There is a chicken and egg problem in that we need to be an expert to design and evaluate an LLM system to have high reliability, but we often need LLM systems in areas that we are not experts. Hence the verification tax is very high for such greenfield areas that are also the most useful.

The "brain rot" tax

Criteria 2 (no brain rot) is somewhat categorically distinct from the others, because it is not so much the tool itself but how we use it that can result in brain rot. However, I think it is worth a mention, because to me it is one of the main factors hindering effective use of AI assistants, especially for knowledge tasks.

There is a viral post going around about tool-shaped objects that hits on this. The danger is that we often subconsciously equate lots of LLM activity with lots of productive work being done. However, this is only true if the output of the LLM activity is all we need, and the journey of getting there can be safely discarded. In reality, the journey of getting there for many knowledge tasks is just as important, and discarding the journey greatly reduces the value of the whole undertaking.

Take a research task for example. Suppose my goal is to deeply understand a particular subject. I instruct an LLM to generate a deep research report about said subject. The value of the report will not be realized until I start reading and interacting with it, asking questions, probing and trying to align my mental model with what is presented. All these activities are not captured in the report itself - they stem from my own initiative. Thus it is hard to design an AI assistant that will automatically ensure grokking happens without the user being very intentional about how they use the outputs.
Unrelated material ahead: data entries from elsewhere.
(* Independence lets us freeze the multipliers. For fixed values 0 <= s_i <= B_i the event
   |s_1 Z_1| > a, s_2 Z_2 > b, s_3 Z_3 > c lies inside |Z_1| > a/B_1, Z_2 > b/s_2, Z_3 > c/s_3, whose
   thresholds are still large, while the conditioning event s_2 Z_2 > b, s_3 Z_3 > c equals
   Z_2 > b/s_2, Z_3 > c/s_3. So the GTAI bound "probability of the joint event <= e times probability
   of the conditioning event" holds for every frozen value of the multipliers, and integrating over
   their law (Fubini for an independent pair) gives it for the products. Unboundedness from above
   survives because each multiplier is positive with positive probability. *)

lemma eventually_at_top_prod3:
  "eventually P (at_top \<times>\<^sub>F at_top \<times>\<^sub>F (at_top :: 'a::linorder filter)) \<longleftrightarrow>
     (\<exists>T. \<forall>a b c. T \<le> a \<longrightarrow> T \<le> b \<longrightarrow> T \<le> c \<longrightarrow> P (a, b, c))"
proof
  assume "eventually P (at_top \<times>\<^sub>F at_top \<times>\<^sub>F at_top)"
  then obtain Pa Pbc where "eventually Pa at_top" "eventually Pbc (at_top \<times>\<^sub>F at_top)"
      and P: "\<And>a bc. Pa a \<Longrightarrow> Pbc bc \<Longrightarrow> P (a, bc)"
    unfolding eventually_prod_filter by blast
  moreover from this(2) obtain Q where "eventually Q at_top" "\<And>b c. Q b \<Longrightarrow> Q c \<Longrightarrow> Pbc (b, c)"
    unfolding eventually_prod_same by blast
  ultimately obtain T1 T2 where "\<And>a. T1 \<le> a \<Longrightarrow> Pa a" "\<And>b. T2 \<le> b \<Longrightarrow> Q b"
    unfolding eventually_at_top_linorder by metis
  then show "\<exists>T. \<forall>a b c. T \<le> a \<longrightarrow> T \<le> b \<longrightarrow> T \<le> c \<longrightarrow> P (a, b, c)"
    using P \<open>\<And>b c. Q b \<Longrightarrow> Q c \<Longrightarrow> Pbc (b, c)\<close> by (intro exI[of _ "max T1 T2"]) auto
next
  assume "\<exists>T. \<forall>a b c. T \<le> a \<longrightarrow> T \<le> b \<longrightarrow> T \<le> c \<longrightarrow> P (a, b, c)"
  then obtain T where T: "\<And>a b c. T \<le> a \<Longrightarrow> T \<le> b \<Longrightarrow> T \<le> c \<Longrightarrow> P (a, b, c)" by blast
  have "eventually (\<lambda>x. T \<le> fst x \<and> T \<le> fst (snd x) \<and> T \<le> snd (snd x)) (at_top \<times>\<^sub>F at_top \<times>\<^sub>F at_top)"
    by (intro eventually_prodI eventually_ge_at_top)
  then show "eventually P (at_top \<times>\<^sub>F at_top \<times>\<^sub>F at_top)"
    by (rule eventually_mono) (metis T prod.collapse)
qed

lemma tendsto_zero_at_top_prod3_iff:
  fixes h :: "'a::linorder \<times> 'a \<times> 'a \<Rightarrow> real"
  shows "(h \<longlongrightarrow> 0) (at_top \<times>\<^sub>F at_top \<times>\<^sub>F at_top) \<longleftrightarrow>
     (\<forall>e>0. \<exists>T. \<forall>a b c. T \<le> a \<longrightarrow> T \<le> b \<longrightarrow> T \<le> c \<longrightarrow> \<bar>h (a, b, c)\<bar> \<le> e)"
proof -
  have "(h \<longlongrightarrow> 0) (at_top \<times>\<^sub>F at_top \<times>\<^sub>F at_top) \<longleftrightarrow>
     (\<forall>e>0. \<exists>T. \<forall>a b c. T \<le> a \<longrightarrow> T \<le> b \<longrightarrow> T \<le> c \<longrightarrow> \<bar>h (a, b, c)\<bar> < e)"
    unfolding tendsto_iff eventually_at_top_prod3 by (simp add: dist_real_def)
  also have "\<dots> \<longleftrightarrow>
     (\<forall>e>0. \<exists>T. \<forall>a b c. T \<le> a \<longrightarrow> T \<le> b \<longrightarrow> T \<le> c \<longrightarrow> \<bar>h (a, b, c)\<bar> \<le> e)"
  proof
    assume "\<forall>e>0. \<exists>T. \<forall>a b c. T \<le> a \<longrightarrow> T \<le> b \<longrightarrow> T \<le> c \<longrightarrow> \<bar>h (a, b, c)\<bar> < e"
    then show "\<forall>e>0. \<exists>T. \<forall>a b c. T \<le> a \<longrightarrow> T \<le> b \<longrightarrow> T \<le> c \<longrightarrow> \<bar>h (a, b, c)\<bar> \<le> e"
      by (meson less_imp_le)
  next
    assume bound: "\<forall>e>0. \<exists>T. \<forall>a b c. T \<le> a \<longrightarrow> T \<le> b \<longrightarrow> T \<le> c \<longrightarrow> \<bar>h (a, b, c)\<bar> \<le> e"
    show "\<forall>e>0. \<exists>T. \<forall>a b c. T \<le> a \<longrightarrow> T \<le> b \<longrightarrow> T \<le> c \<longrightarrow> \<bar>h (a, b, c)\<bar> < e"
    proof (intro allI impI)
      fix e :: real assume "0 < e"
      then have "0 < e / 2" by simp
      with bound obtain T where T: "\<forall>a b c. T \<le> a \<longrightarrow> T \<le> b \<longrightarrow> T \<le> c \<longrightarrow> \<bar>h (a, b, c)\<bar> \<le> e / 2"
        by blast
      have "e / 2 < e" using \<open>0 < e\<close> by simp
      with T show "\<exists>T. \<forall>a b c. T \<le> a \<longrightarrow> T \<le> b \<longrightarrow> T \<le> c \<longrightarrow> \<bar>h (a, b, c)\<bar> < e"
        by (meson order.strict_trans1)
    qed
  qed
  finally show ?thesis .
qed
Furthermore, it is not obvious apriori what form of interface best facilitates grokking, and it also varies by person and by task per person.

Thus it seems that there is always some brain rot "tax" of trading output against understanding when we use LLMs for knowledge tasks. We either recover the "tax" by separately engaging the material in intentional ways, or absorb the tax and just focus on using the output for whatever downstream purposes. Either way, there is a cognition tax that takes away from the benefits of LLM output, and often it becomes a wash.

There is probably value in designing AI assistant interfaces that explicitly mitigate brain rot through various mechanisms, such as testing the user. But I have not seen much of this yet. My own code-stories is a small attempt to find ways of encouraging user understanding of LLM material.

Conclusion

There is no clear way forward currently. My sense is that we have to be intentional in designing specific sub-agents for each task that we want the AI assistant to do, and think carefully about the input / output medium to give us confidence that it is (1) reliable and also discourage (2) brain rot. The openclaw agent is more of an orchestrator to glue things together, but the default chat interface is not ideal for many high value tasks.